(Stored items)
(* For every integer $r\ge5$, \[ f_{r-1}(r+1,r)=\rho_{r-1}\big(T(r+2,r)\big)=\frac{4r-4}{r+2}. \]
   Context: $\mathcal{G}(\Delta,\omega)$ denotes the class of finite simple graphs $G$ with maximum degree $\Delta(G)\le\Delta$ and clique number $\omega(G)\le\omega$. $k_t(G)$ is the number of copies of $K_t$ in $G$ and $\rho_t(G)=k_t(G)/|V(G)|$. $f_t(\Delta,\omega)=\sup\{\rho_t(G): G\in\mathcal{G}(\Delta,\omega),\ |V(G)|\ge 1\}$. $T(n,r)$ denotes the $r$-partite Turán graph on $n$ vertices; for $r\ge 4$, $T(r+2,r)$ has $r-2$ parts of size $1$ and two parts of size $2$. *)

theory Defs
  imports Complex_Main
begin

text \<open>Every finite
simple graph is isomorphic to one on natural-number vertices, and all quantities below
are isomorphism invariant.\<close>

type_synonym graph = "nat set \<times> nat set set"

definition simple_graph :: "graph \<Rightarrow> bool" where
  "simple_graph G \<longleftrightarrow> finite (fst G) \<and>
     (\<forall>e\<in>snd G. e \<subseteq> fst G \<and> card e = 2)"

definition degree :: "graph \<Rightarrow> nat \<Rightarrow> nat" where
  "degree G v = card {u \<in> fst G. {u, v} \<in> snd G}"

definition max_degree :: "graph \<Rightarrow> nat" where
  "max_degree G = Max (insert 0 (degree G ` fst G))"
(* There exists an integer $g_0$ with the following property. Let $g\ge g_0$ and let $\mathfrak g$ be a semisimple complex Lie algebra with inclusions $\mathfrak{sp}(2g-10)\subset\mathfrak g\subset\mathfrak{sp}(4g-4)$ such that the composite inclusion $\mathfrak{sp}(2g-10)\subset\mathfrak{sp}(4g-4)$ is the linear embedding given by the diagonal action on the direct sum of two copies of the standard representation of $\mathfrak{sp}(2g-10)$ (plus a trivial complement). Suppose that the action of $\mathfrak g$ on $\mathbb C^{4g-4}$ is irreducible, and that $\mathfrak g$ contains an element $A$ which acts on $\mathbb C^{4g-4}$ as a nilpotent endomorphism with exactly one nontrivial Jordan block, that block having size $2$ (i.e. $A$ is nilpotent of rank one). Then $\mathfrak g=\mathfrak{sp}(4g-4)$. *)

theory Defs
  imports Complex_Main "Jordan_Normal_Form.Matrix" "Jordan_Normal_Form.DL_Rank"
begin

definition lie_bracket :: "complex mat \<Rightarrow> complex mat \<Rightarrow> complex mat" where
  "lie_bracket X Y = X * Y - Y * X"

definition mat_subspace :: "nat \<Rightarrow> complex mat set \<Rightarrow> bool" where
  "mat_subspace n S \<longleftrightarrow> S \<subseteq> carrier_mat n n \<and> 0\<^sub>m n n \<in> S \<and>
     (\<forall>X\<in>S. \<forall>Y\<in>S. X + Y \<in> S) \<and> (\<forall>c. \<forall>X\<in>S. c \<cdot>\<^sub>m X \<in> S)"

definition lie_subalgebra :: "nat \<Rightarrow> complex mat set \<Rightarrow> bool" where
  "lie_subalgebra n L \<longleftrightarrow> mat_subspace n L \<and> (\<forall>X\<in>L. \<forall>Y\<in>L. lie_bracket X Y \<in> L)"

definition lie_ideal :: "nat \<Rightarrow> complex mat set \<Rightarrow> complex mat set \<Rightarrow> bool" where
  "lie_ideal n I L \<longleftrightarrow> mat_subspace n I \<and> I \<subseteq> L \<and> (\<forall>X\<in>L. \<forall>Y\<in>I. lie_bracket X Y \<in> I)"

inductive_set mat_span :: "nat \<Rightarrow> complex mat set \<Rightarrow> complex mat set" for n S where
  zero: "0\<^sub>m n n \<in> mat_span n S"
| base: "X \<in> S \<Longrightarrow> X \<in> mat_span n S"
| add: "X \<in> mat_span n S \<Longrightarrow> Y \<in> mat_span n S \<Longrightarrow> X + Y \<in> mat_span n S"
| smult: "X \<in> mat_span n S \<Longrightarrow> c \<cdot>\<^sub>m X \<in> mat_span n S"

fun derived :: "nat \<Rightarrow> nat \<Rightarrow> complex mat set \<Rightarrow> complex mat set" where
  "derived n 0 I = I"
| "derived n (Suc k) I =
     mat_span n {lie_bracket X Y | X Y. X \<in> derived n k I \<and> Y \<in> derived n k I}"

definition solvable_lie :: "nat \<Rightarrow> complex mat set \<Rightarrow> bool" where
  "solvable_lie n I \<longleftrightarrow> (\<exists>k. derived n k I \<subseteq> {0\<^sub>m n n})"

definition semisimple_lie :: "nat \<Rightarrow> complex mat set \<Rightarrow> bool" where
  "semisimple_lie n L \<longleftrightarrow> lie_subalgebra n L \<and> L \<noteq> {0\<^sub>m n n} \<and>
     (\<forall>I. lie_ideal n I L \<and> solvable_lie n I \<longrightarrow> I = {0\<^sub>m n n})"

text \<open>Standard symplectic form J = [[0, I_N], [-I_N, 0]] on C^(2N), and sp(2N).\<close>
definition sympl_J :: "nat \<Rightarrow> complex mat" where
  "sympl_J N = mat (2*N) (2*N) (\<lambda>(i,j).
      if i < N \<and> j = i + N then 1 else if N \<le> i \<and> j + N = i then -1 else 0)"

definition sp :: "nat \<Rightarrow> complex mat set" where
  "sp N = {X \<in> carrier_mat (2*N) (2*N).
            transpose_mat X * sympl_J N + sympl_J N * X = 0\<^sub>m (2*N) (2*N)}"

text \<open>Position of big index i (in C^(2N), basis e_1..e_N,f_1..f_N) inside one of two
  copies (0 or 1) of C^(2m) (basis e_1..e_m,f_1..f_m); None = trivial complement.
  Copy c uses e_(cm+1..cm+m), f_(cm+1..cm+m).\<close>
definition emb_pos :: "nat \<Rightarrow> nat \<Rightarrow> nat \<Rightarrow> (nat \<times> nat) option" where
  "emb_pos m N i =
     (if i < N then (if i < 2*m then Some (i div m, i mod m) else None)
      else (if i - N < 2*m then Some ((i - N) div m, m + (i - N) mod m) else None))"

text \<open>The embedding sp(2m) -> sp(2N): diagonal action on two copies of the standard
  representation plus a trivial complement (requires 2m \<le> N).\<close>
definition diag_emb :: "nat \<Rightarrow> nat \<Rightarrow> complex mat \<Rightarrow> complex mat" where
  "diag_emb m N X = mat (2*N) (2*N) (\<lambda>(i,j).
      (case (emb_pos m N i, emb_pos m N j) of
         (Some (c, k), Some (d, l)) \<Rightarrow> if c = d then X $$ (k, l) else 0
       | _ \<Rightarrow> 0))"

definition vec_subspace :: "nat \<Rightarrow> complex vec set \<Rightarrow> bool" where
  "vec_subspace n W \<longleftrightarrow> W \<subseteq> carrier_vec n \<and> 0\<^sub>v n \<in> W \<and>
     (\<forall>v\<in>W. \<forall>w\<in>W. v + w \<in> W) \<and> (\<forall>c. \<forall>v\<in>W. c \<cdot>\<^sub>v v \<in> W)"

definition irreducible_action :: "nat \<Rightarrow> complex mat set \<Rightarrow> bool" where
  "irreducible_action n L \<longleftrightarrow> n > 0 \<and>
     (\<forall>W. vec_subspace n W \<and> (\<forall>A\<in>L. \<forall>w\<in>W. A *\<^sub>v w \<in> W) \<longrightarrow>
          W = {0\<^sub>v n} \<or> W = carrier_vec n)"

definition nilpotent_mat :: "nat \<Rightarrow> complex mat \<Rightarrow> bool" where
  "nilpotent_mat n A \<longleftrightarrow> A \<in> carrier_mat n n \<and> (\<exists>k. A ^\<^sub>m k = 0\<^sub>m n n)"

end

theory Submission
  imports Defs
begin

text \<open>Identify \<open>sp(2N)\<close> with the symmetric square of \<open>V = \<complex>\<^sup>2\<^sup>N\<close>: the product \<open>x\<cdot>y\<close>
  (\<open>sym_prod N x y\<close>) acts by \<open>z \<mapsto> \<omega>(y,z) x + \<omega>(x,z) y\<close>, where \<open>\<omega> = symp_form N\<close>, and
  the rank-one elements of \<open>sp(2N)\<close> are the maps \<open>A\<^sub>u = \<omega>(u,-) u = (u\<cdot>u)/2\<close> (\<open>sym_sq N u\<close>). Let \<open>A\<^sub>u \<in> L\<close>. If \<open>\<omega>(u, Xu) \<noteq> 0\<close> for some \<open>X \<in> L\<close>, brackets
  with \<open>X\<close> give \<open>A\<^bsub>Xu\<^esub> \<in> L\<close>, hence \<open>u, v\<close> with \<open>\<omega>(u,v) = 1\<close> and \<open>A\<^sub>u, A\<^sub>v \<in> L\<close>. Then
  \<open>{x. u\<cdot>x \<in> L}\<close> and \<open>{y. x\<cdot>y \<in> L for all x}\<close> are nonzero \<open>L\<close>-invariant subspaces,
  hence all of \<open>V\<close>, and the products \<open>x\<cdot>y\<close> span \<open>sp(2N)\<close>. Otherwise, expanding
  \<open>ad\<^sub>X\<^sup>2\<^sup>n(A\<^sub>u)\<close> shows \<open>\<omega>(u, X\<^sup>n u) = 0\<close> for all \<open>X \<in> L\<close>, and polarization gives
  \<open>\<omega>(u, X\<^sub>1\<cdots>X\<^sub>n u) = 0\<close> for all \<open>X\<^sub>i \<in> L\<close>. So \<open>\<omega>(u,-)\<close> vanishes on the
  \<open>L\<close>-module generated by \<open>u\<close>, which is \<open>V\<close> by irreducibility, contradicting \<open>u \<noteq> 0\<close>.\<close>

lemma eq_mat_by_mult_vec:
  fixes A B :: "'a :: comm_ring_1 mat"
  assumes "A \<in> carrier_mat n n" "B \<in> carrier_mat n n"
    and "\<And>z. z \<in> carrier_vec n \<Longrightarrow> A *\<^sub>v z = B *\<^sub>v z"
  shows "A = B"
proof (rule eq_matI)
  fix i j assume ij: "i < dim_row B" "j < dim_col B"
  then have "A $$ (i,j) = (A *\<^sub>v unit_vec n j) $ i" and "B $$ (i,j) = (B *\<^sub>v unit_vec n j) $ i"
    using assms(1,2) by auto
  then show "A $$ (i,j) = B $$ (i,j)"
    using assms(3)[of "unit_vec n j"] by simp
qed (use assms in auto)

Assignment:
Going back to the entries above, set down exactly the lines that begin at the one with "X \<in> derived" and end at the one with "text \<open>Standard symplectic", both included, and nothing else.

Result below:
     mat_span n {lie_bracket X Y | X Y. X \<in> derived n k I \<and> Y \<in> derived n k I}"

definition solvable_lie :: "nat \<Rightarrow> complex mat set \<Rightarrow> bool" where
  "solvable_lie n I \<longleftrightarrow> (\<exists>k. derived n k I \<subseteq> {0\<^sub>m n n})"

definition semisimple_lie :: "nat \<Rightarrow> complex mat set \<Rightarrow> bool" where
  "semisimple_lie n L \<longleftrightarrow> lie_subalgebra n L \<and> L \<noteq> {0\<^sub>m n n} \<and>
     (\<forall>I. lie_ideal n I L \<and> solvable_lie n I \<longrightarrow> I = {0\<^sub>m n n})"

text \<open>Standard symplectic form J = [[0, I_N], [-I_N, 0]] on C^(2N), and sp(2N).\<close>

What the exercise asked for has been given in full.